====== Record set

(* Let $f\in\mathcal{S}^*_{nc}$. Then: (1) For $\alpha\in(0,1)$, let $r_\alpha\in(0,1)$ be the root of $(1-r)-\alpha\cos r=0$. Then $\operatorname{Re}\frac{zf'(z)}{f(z)}>\alpha$ for all $|z|<r_\alpha$ (i.e. $f$ is starlike of order $\alpha$ in $|z|<r_\alpha$). (2) For $\beta>1$, let $r_\beta=r_0(\beta)$ if $1<\beta<2/\cos 1$, where $r_0(\beta)$ is the smallest positive root of $1+r=\beta\cos r$, and $r_\beta=1$ if $\beta\ge 2/\cos 1$. Then $\operatorname{Re}\frac{zf'(z)}{f(z)}<\beta$ for all $|z|<r_\beta$. Both radii are sharp, i.e. they cannot be replaced by larger numbers for the whole class $\mathcal{S}^*_{nc}$.
   Context: $\mathbb{D}$ is the open unit disk. $\mathcal{A}$ is the class of analytic $f$ on $\mathbb{D}$ with $f(0)=0$, $f'(0)=1$. For analytic $f,g$ on $\mathbb{D}$, $f\prec g$ means $f=g\circ\omega$ for some analytic $\omega:\mathbb{D}\to\mathbb{D}$ with $\omega(0)=0$. $\mathcal{S}^*_{nc}=\{f\in\mathcal{A}: zf'(z)/f(z)\prec (1+z)/\cos z\}$. *)

theory Defs
  imports "HOL-Analysis.Analysis"
begin

definition subordinate :: "(complex \<Rightarrow> complex) \<Rightarrow> (complex \<Rightarrow> complex) \<Rightarrow> bool" where
  "subordinate F G \<longleftrightarrow>
     (\<exists>\<omega>. \<omega> holomorphic_on ball 0 1 \<and> \<omega> 0 = 0 \<and> \<omega> ` ball 0 1 \<subseteq> ball 0 1 \<and>
          (\<forall>z\<in>ball 0 1. F z = G (\<omega> z)))"

definition classA :: "(complex \<Rightarrow> complex) set" where
  "classA = {f. f holomorphic_on ball 0 1 \<and> f 0 = 0 \<and> deriv f 0 = 1}"

text \<open>z f'(z)/f(z), with its removable value 1 at the origin (f \<in> \<A>).\<close>
definition zf'_over_f :: "(complex \<Rightarrow> complex) \<Rightarrow> complex \<Rightarrow> complex" where
  "zf'_over_f f z = (if z = 0 then 1 else z * deriv f z / f z)"

definition Snc :: "(complex \<Rightarrow> complex) set" where
  "Snc = {f \<in> classA. subordinate (zf'_over_f f) (\<lambda>w. (1 + w) / cos w)}"

end

theory Submission
  imports Defs "HOL-Complex_Analysis.Conformal_Mappings"
begin

text \<open>
  By Schwarz's lemma, z f'(z) / f(z) = \<phi>(w) for \<phi>(w) = (1 + w) / cos w and some w with
  |w| \<le> |z|, and the function with z f'(z) / f(z) = \<phi>(z) belongs to the class. So everything
  reduces to the range of Re \<phi> on the circle |w| = \<rho> < 1: it lies between
  \<phi>(-\<rho>) = (1 - \<rho>) / cos \<rho> and \<phi>(\<rho>) = (1 + \<rho>) / cos \<rho>. The upper bound follows from
  |cos w| \<ge> cos |w|. For the lower bound, reflecting w into the left half plane only decreases
  Re \<phi>(w), and there Re \<phi>(-a + i y) is compared with (1 - \<rho>) / cos \<rho> using that
  (1 - s) / cos s + 3 s / 4 decreases on [0, 1], together with Taylor bounds for cos, sin, cosh
  and sinh; the polynomial inequalities that remain are certified by Bernstein expansions.
  As (1 - s) / cos s decreases and (1 + s) / cos s increases, the two radii follow, and the
  extremal function shows that they are sharp.
\<close>

section \<open>Taylor bounds for cos, sin, cosh and sinh\<close>

lemma cos_Taylor_bounds:
  fixes x :: real
  assumes "0 \<le> x" "x \<le> pi/2"
  shows "1 - x\<^sup>2/2 \<le> cos x" and "cos x \<le> 1 - x\<^sup>2/2 + x^4/24"
proof -
  have "1 - x\<^sup>2/2 \<le> cos x \<and> cos x \<le> 1 - x\<^sup>2/2 + x^4/24"
  proof (cases "x = 0")
    case False
    then obtain t where t: "0 < t" "t < x"
      and cos_x: "cos x = (\<Sum>m<4. cos_coeff m * x ^ m) + cos (t + 1/2 * real 4 * pi) / fact 4 * x ^ 4"
      using Maclaurin_cos_expansion2[of x 4] assms by auto
    have "(\<Sum>m<4. cos_coeff m * x ^ m) = 1 - x\<^sup>2/2"
      by (simp add: lessThan_nat_numeral cos_coeff_def power2_eq_square)
    moreover have "cos (t + 1/2 * real 4 * pi) = cos t"
      by (simp add: cos_add)
    ultimately have "cos x = 1 - x\<^sup>2/2 + cos t * x^4 / 24"
      using cos_x by (simp add: fact_numeral)
    moreover have "0 \<le> cos t"
      using t assms by (intro cos_ge_zero) auto
    ultimately show ?thesis
      using mult_left_le_one_le[of "x^4" "cos t"] assms by simp
  qed simp
  then show "1 - x\<^sup>2/2 \<le> cos x" "cos x \<le> 1 - x\<^sup>2/2 + x^4/24"
    by auto
qed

============

**Task details**
Please return the full set of records exactly as given above.

**Your response**
(* Let $f\in\mathcal{S}^*_{nc}$. Then: (1) For $\alpha\in(0,1)$, let $r_\alpha\in(0,1)$ be the root of $(1-r)-\alpha\cos r=0$. Then $\operatorname{Re}\frac{zf'(z)}{f(z)}>\alpha$ for all $|z|<r_\alpha$ (i.e. $f$ is starlike of order $\alpha$ in $|z|<r_\alpha$). (2) For $\beta>1$, let $r_\beta=r_0(\beta)$ if $1<\beta<2/\cos 1$, where $r_0(\beta)$ is the smallest positive root of $1+r=\beta\cos r$, and $r_\beta=1$ if $\beta\ge 2/\cos 1$. Then $\operatorname{Re}\frac{zf'(z)}{f(z)}<\beta$ for all $|z|<r_\beta$. Both radii are sharp, i.e. they cannot be replaced by larger numbers for the whole class $\mathcal{S}^*_{nc}$.
   Context: $\mathbb{D}$ is the open unit disk. $\mathcal{A}$ is the class of analytic $f$ on $\mathbb{D}$ with $f(0)=0$, $f'(0)=1$. For analytic $f,g$ on $\mathbb{D}$, $f\prec g$ means $f=g\circ\omega$ for some analytic $\omega:\mathbb{D}\to\mathbb{D}$ with $\omega(0)=0$. $\mathcal{S}^*_{nc}=\{f\in\mathcal{A}: zf'(z)/f(z)\prec (1+z)/\cos z\}$. *)

theory Defs
  imports "HOL-Analysis.Analysis"
begin

definition subordinate :: "(complex \<Rightarrow> complex) \<Rightarrow> (complex \<Rightarrow> complex) \<Rightarrow> bool" where
  "subordinate F G \<longleftrightarrow>
     (\<exists>\<omega>. \<omega> holomorphic_on ball 0 1 \<and> \<omega> 0 = 0 \<and> \<omega> ` ball 0 1 \<subseteq> ball 0 1 \<and>
          (\<forall>z\<in>ball 0 1. F z = G (\<omega> z)))"

definition classA :: "(complex \<Rightarrow> complex) set" where
  "classA = {f. f holomorphic_on ball 0 1 \<and> f 0 = 0 \<and> deriv f 0 = 1}"

text \<open>z f'(z)/f(z), with its removable value 1 at the origin (f \<in> \<A>).\<close>
definition zf'_over_f :: "(complex \<Rightarrow> complex) \<Rightarrow> complex \<Rightarrow> complex" where
  "zf'_over_f f z = (if z = 0 then 1 else z * deriv f z / f z)"

definition Snc :: "(complex \<Rightarrow> complex) set" where
  "Snc = {f \<in> classA. subordinate (zf'_over_f f) (\<lambda>w. (1 + w) / cos w)}"

end

theory Submission
  imports Defs "HOL-Complex_Analysis.Conformal_Mappings"
begin

text \<open>
  By Schwarz's lemma, z f'(z) / f(z) = \<phi>(w) for \<phi>(w) = (1 + w) / cos w and some w with
  |w| \<le> |z|, and the function with z f'(z) / f(z) = \<phi>(z) belongs to the class. So everything
  reduces to the range of Re \<phi> on the circle |w| = \<rho> < 1: it lies between
  \<phi>(-\<rho>) = (1 - \<rho>) / cos \<rho> and \<phi>(\<rho>) = (1 + \<rho>) / cos \<rho>. The upper bound follows from
  |cos w| \<ge> cos |w|. For the lower bound, reflecting w into the left half plane only decreases
  Re \<phi>(w), and there Re \<phi>(-a + i y) is compared with (1 - \<rho>) / cos \<rho> using that
  (1 - s) / cos s + 3 s / 4 decreases on [0, 1], together with Taylor bounds for cos, sin, cosh
  and sinh; the polynomial inequalities that remain are certified by Bernstein expansions.
  As (1 - s) / cos s decreases and (1 + s) / cos s increases, the two radii follow, and the
  extremal function shows that they are sharp.
\<close>

section \<open>Taylor bounds for cos, sin, cosh and sinh\<close>

lemma cos_Taylor_bounds:
  fixes x :: real
  assumes "0 \<le> x" "x \<le> pi/2"
  shows "1 - x\<^sup>2/2 \<le> cos x" and "cos x \<le> 1 - x\<^sup>2/2 + x^4/24"
proof -
  have "1 - x\<^sup>2/2 \<le> cos x \<and> cos x \<le> 1 - x\<^sup>2/2 + x^4/24"
  proof (cases "x = 0")
    case False
    then obtain t where t: "0 < t" "t < x"
      and cos_x: "cos x = (\<Sum>m<4. cos_coeff m * x ^ m) + cos (t + 1/2 * real 4 * pi) / fact 4 * x ^ 4"
      using Maclaurin_cos_expansion2[of x 4] assms by auto
    have "(\<Sum>m<4. cos_coeff m * x ^ m) = 1 - x\<^sup>2/2"
      by (simp add: lessThan_nat_numeral cos_coeff_def power2_eq_square)
    moreover have "cos (t + 1/2 * real 4 * pi) = cos t"
      by (simp add: cos_add)
    ultimately have "cos x = 1 - x\<^sup>2/2 + cos t * x^4 / 24"
      using cos_x by (simp add: fact_numeral)
    moreover have "0 \<le> cos t"
      using t assms by (intro cos_ge_zero) auto
    ultimately show ?thesis
      using mult_left_le_one_le[of "x^4" "cos t"] assms by simp
  qed simp
  then show "1 - x\<^sup>2/2 \<le> cos x" "cos x \<le> 1 - x\<^sup>2/2 + x^4/24"
    by auto
qed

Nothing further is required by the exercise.